**Directions for this task**
Only one stretch of the data below is wanted: the lines starting at the one with "m') = monom" and ending at the one with "unfolding tsmult_def by", both included, given again exactly.

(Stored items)

[Start of section]

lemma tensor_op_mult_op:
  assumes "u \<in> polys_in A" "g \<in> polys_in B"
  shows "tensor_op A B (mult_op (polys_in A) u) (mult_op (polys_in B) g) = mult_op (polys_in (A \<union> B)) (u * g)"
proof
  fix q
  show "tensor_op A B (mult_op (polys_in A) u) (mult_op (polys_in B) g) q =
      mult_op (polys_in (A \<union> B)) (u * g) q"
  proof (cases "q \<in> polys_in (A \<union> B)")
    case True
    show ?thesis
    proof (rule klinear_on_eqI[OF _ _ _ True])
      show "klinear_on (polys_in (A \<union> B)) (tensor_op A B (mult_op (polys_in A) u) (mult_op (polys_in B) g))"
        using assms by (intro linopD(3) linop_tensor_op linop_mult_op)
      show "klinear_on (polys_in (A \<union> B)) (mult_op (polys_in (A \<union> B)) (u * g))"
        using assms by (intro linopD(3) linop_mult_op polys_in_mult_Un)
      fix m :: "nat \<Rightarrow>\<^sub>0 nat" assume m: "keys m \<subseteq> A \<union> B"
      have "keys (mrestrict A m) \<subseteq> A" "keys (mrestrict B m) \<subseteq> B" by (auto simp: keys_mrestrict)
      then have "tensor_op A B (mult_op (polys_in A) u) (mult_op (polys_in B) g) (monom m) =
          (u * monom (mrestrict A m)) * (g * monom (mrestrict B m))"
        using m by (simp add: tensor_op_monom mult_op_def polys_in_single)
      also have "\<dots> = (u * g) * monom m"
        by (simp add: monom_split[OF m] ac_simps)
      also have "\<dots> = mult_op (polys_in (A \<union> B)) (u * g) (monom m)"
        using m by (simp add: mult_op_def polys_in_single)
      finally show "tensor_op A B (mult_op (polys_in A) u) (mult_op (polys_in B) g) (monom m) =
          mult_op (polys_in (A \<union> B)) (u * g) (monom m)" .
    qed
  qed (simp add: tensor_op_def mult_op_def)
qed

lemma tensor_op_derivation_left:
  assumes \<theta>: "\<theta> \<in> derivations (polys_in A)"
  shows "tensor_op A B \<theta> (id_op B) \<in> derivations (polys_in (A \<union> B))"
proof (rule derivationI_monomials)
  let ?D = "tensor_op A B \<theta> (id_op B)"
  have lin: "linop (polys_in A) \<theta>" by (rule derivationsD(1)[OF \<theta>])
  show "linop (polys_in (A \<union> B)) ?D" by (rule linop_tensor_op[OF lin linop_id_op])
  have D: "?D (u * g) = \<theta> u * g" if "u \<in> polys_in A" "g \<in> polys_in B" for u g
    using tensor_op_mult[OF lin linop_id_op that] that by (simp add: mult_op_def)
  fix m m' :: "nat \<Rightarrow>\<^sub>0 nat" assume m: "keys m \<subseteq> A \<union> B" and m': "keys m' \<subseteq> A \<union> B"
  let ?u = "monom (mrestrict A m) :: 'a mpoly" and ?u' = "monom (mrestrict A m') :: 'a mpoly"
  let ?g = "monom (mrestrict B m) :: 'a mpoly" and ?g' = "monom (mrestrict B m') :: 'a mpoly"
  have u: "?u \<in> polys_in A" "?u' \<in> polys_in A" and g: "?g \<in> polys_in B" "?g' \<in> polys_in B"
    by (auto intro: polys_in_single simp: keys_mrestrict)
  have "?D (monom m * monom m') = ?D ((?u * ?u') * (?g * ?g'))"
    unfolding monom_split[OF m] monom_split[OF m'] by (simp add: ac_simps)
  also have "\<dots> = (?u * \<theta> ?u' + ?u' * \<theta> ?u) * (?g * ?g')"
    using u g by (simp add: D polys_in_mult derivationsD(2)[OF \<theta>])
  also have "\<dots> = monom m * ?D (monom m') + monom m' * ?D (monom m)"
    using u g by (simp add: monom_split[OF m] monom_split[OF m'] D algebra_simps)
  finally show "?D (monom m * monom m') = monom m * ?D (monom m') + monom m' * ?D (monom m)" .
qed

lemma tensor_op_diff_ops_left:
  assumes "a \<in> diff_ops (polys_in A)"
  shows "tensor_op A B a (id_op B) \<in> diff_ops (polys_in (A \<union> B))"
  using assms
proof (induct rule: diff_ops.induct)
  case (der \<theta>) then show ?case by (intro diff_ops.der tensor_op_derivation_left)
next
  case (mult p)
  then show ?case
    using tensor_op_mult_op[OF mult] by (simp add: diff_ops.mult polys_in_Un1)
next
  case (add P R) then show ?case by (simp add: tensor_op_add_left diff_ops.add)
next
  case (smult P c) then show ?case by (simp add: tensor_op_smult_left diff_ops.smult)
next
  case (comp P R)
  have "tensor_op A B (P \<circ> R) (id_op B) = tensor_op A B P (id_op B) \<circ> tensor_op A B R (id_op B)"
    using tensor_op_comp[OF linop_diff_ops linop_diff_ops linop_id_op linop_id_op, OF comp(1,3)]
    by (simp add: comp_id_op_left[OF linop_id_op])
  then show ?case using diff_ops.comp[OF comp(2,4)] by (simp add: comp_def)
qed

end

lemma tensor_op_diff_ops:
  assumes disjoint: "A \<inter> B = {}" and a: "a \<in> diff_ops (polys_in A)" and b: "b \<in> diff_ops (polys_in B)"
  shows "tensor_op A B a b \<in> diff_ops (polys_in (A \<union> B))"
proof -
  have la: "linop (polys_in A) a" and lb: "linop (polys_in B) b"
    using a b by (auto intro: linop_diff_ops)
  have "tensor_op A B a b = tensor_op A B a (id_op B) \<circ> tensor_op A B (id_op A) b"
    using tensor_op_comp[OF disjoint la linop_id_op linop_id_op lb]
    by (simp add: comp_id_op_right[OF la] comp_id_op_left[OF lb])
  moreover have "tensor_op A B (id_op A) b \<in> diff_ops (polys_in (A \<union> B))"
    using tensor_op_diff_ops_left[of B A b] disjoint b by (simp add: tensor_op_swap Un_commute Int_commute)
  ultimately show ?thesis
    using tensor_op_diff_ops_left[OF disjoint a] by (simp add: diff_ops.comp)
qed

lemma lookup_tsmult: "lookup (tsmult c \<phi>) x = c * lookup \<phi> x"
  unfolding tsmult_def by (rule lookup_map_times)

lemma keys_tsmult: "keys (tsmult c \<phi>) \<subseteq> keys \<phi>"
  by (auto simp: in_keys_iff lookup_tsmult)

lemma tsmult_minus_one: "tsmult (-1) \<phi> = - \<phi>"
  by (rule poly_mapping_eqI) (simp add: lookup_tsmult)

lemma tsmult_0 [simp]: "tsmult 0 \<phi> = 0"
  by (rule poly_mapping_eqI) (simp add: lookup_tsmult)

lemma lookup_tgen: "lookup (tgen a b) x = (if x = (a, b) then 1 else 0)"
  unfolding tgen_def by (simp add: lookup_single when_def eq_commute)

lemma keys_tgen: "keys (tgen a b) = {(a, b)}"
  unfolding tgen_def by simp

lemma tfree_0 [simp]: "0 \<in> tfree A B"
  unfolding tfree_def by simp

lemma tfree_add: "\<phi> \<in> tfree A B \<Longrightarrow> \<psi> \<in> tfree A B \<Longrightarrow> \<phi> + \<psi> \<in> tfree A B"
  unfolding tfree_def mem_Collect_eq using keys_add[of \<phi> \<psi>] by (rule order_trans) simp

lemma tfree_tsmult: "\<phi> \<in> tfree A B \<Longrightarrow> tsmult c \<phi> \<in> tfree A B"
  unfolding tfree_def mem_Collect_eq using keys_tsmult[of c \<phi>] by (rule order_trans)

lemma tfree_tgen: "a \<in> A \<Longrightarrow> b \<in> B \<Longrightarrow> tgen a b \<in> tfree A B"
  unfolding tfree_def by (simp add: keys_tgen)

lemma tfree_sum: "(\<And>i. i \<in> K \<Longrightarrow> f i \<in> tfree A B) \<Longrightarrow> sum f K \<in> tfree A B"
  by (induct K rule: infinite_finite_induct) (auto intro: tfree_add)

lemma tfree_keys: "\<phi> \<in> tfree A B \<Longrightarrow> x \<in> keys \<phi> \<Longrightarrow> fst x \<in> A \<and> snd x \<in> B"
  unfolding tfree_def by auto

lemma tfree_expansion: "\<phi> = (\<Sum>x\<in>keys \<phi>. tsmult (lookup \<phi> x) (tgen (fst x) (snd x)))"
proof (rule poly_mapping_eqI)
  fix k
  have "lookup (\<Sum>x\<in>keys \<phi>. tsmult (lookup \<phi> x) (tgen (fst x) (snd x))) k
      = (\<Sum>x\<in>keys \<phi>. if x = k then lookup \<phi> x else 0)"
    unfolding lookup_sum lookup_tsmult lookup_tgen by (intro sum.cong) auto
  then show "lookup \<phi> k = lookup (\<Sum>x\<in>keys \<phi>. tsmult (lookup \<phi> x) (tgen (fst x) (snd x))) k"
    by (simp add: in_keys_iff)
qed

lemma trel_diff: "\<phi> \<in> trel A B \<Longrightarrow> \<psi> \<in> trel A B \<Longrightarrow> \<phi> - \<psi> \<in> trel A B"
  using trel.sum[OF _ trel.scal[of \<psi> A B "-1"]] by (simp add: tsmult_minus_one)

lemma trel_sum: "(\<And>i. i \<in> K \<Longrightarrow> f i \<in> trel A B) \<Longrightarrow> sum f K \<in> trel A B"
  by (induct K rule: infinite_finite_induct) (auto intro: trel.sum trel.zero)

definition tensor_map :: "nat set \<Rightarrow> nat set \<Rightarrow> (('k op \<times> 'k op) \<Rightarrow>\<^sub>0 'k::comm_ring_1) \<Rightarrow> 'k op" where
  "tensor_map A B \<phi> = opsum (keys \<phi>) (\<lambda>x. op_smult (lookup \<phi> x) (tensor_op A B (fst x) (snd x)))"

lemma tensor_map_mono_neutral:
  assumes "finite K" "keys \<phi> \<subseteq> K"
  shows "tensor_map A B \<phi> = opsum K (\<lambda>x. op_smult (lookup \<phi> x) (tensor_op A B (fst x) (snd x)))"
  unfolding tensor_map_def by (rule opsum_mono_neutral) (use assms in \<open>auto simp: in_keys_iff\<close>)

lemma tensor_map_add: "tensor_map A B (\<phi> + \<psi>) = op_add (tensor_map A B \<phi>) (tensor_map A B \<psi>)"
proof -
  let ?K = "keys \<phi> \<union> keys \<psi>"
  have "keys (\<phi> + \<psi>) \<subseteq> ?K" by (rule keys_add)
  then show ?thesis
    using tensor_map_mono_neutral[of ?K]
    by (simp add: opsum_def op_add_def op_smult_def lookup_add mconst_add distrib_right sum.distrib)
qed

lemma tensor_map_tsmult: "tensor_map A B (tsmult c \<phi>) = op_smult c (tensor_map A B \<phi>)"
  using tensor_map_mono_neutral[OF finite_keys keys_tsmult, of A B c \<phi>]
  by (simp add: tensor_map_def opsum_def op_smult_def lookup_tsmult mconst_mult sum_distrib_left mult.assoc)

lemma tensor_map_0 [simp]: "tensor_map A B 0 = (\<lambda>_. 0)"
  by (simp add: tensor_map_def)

[End of section]

**Exercise output**
  finally show "?D (monom m * monom m') = monom m * ?D (monom m') + monom m' * ?D (monom m)" .
qed

lemma tensor_op_diff_ops_left:
  assumes "a \<in> diff_ops (polys_in A)"
  shows "tensor_op A B a (id_op B) \<in> diff_ops (polys_in (A \<union> B))"
  using assms
proof (induct rule: diff_ops.induct)
  case (der \<theta>) then show ?case by (intro diff_ops.der tensor_op_derivation_left)
next
  case (mult p)
  then show ?case
    using tensor_op_mult_op[OF mult] by (simp add: diff_ops.mult polys_in_Un1)
next
  case (add P R) then show ?case by (simp add: tensor_op_add_left diff_ops.add)
next
  case (smult P c) then show ?case by (simp add: tensor_op_smult_left diff_ops.smult)
next
  case (comp P R)
  have "tensor_op A B (P \<circ> R) (id_op B) = tensor_op A B P (id_op B) \<circ> tensor_op A B R (id_op B)"
    using tensor_op_comp[OF linop_diff_ops linop_diff_ops linop_id_op linop_id_op, OF comp(1,3)]
    by (simp add: comp_id_op_left[OF linop_id_op])
  then show ?case using diff_ops.comp[OF comp(2,4)] by (simp add: comp_def)
qed

end

lemma tensor_op_diff_ops:
  assumes disjoint: "A \<inter> B = {}" and a: "a \<in> diff_ops (polys_in A)" and b: "b \<in> diff_ops (polys_in B)"
  shows "tensor_op A B a b \<in> diff_ops (polys_in (A \<union> B))"
proof -
  have la: "linop (polys_in A) a" and lb: "linop (polys_in B) b"
    using a b by (auto intro: linop_diff_ops)
  have "tensor_op A B a b = tensor_op A B a (id_op B) \<circ> tensor_op A B (id_op A) b"
    using tensor_op_comp[OF disjoint la linop_id_op linop_id_op lb]
    by (simp add: comp_id_op_right[OF la] comp_id_op_left[OF lb])
  moreover have "tensor_op A B (id_op A) b \<in> diff_ops (polys_in (A \<union> B))"
    using tensor_op_diff_ops_left[of B A b] disjoint b by (simp add: tensor_op_swap Un_commute Int_commute)
  ultimately show ?thesis
    using tensor_op_diff_ops_left[OF disjoint a] by (simp add: diff_ops.comp)
qed

lemma lookup_tsmult: "lookup (tsmult c \<phi>) x = c * lookup \<phi> x"
  unfolding tsmult_def by (rule lookup_map_times)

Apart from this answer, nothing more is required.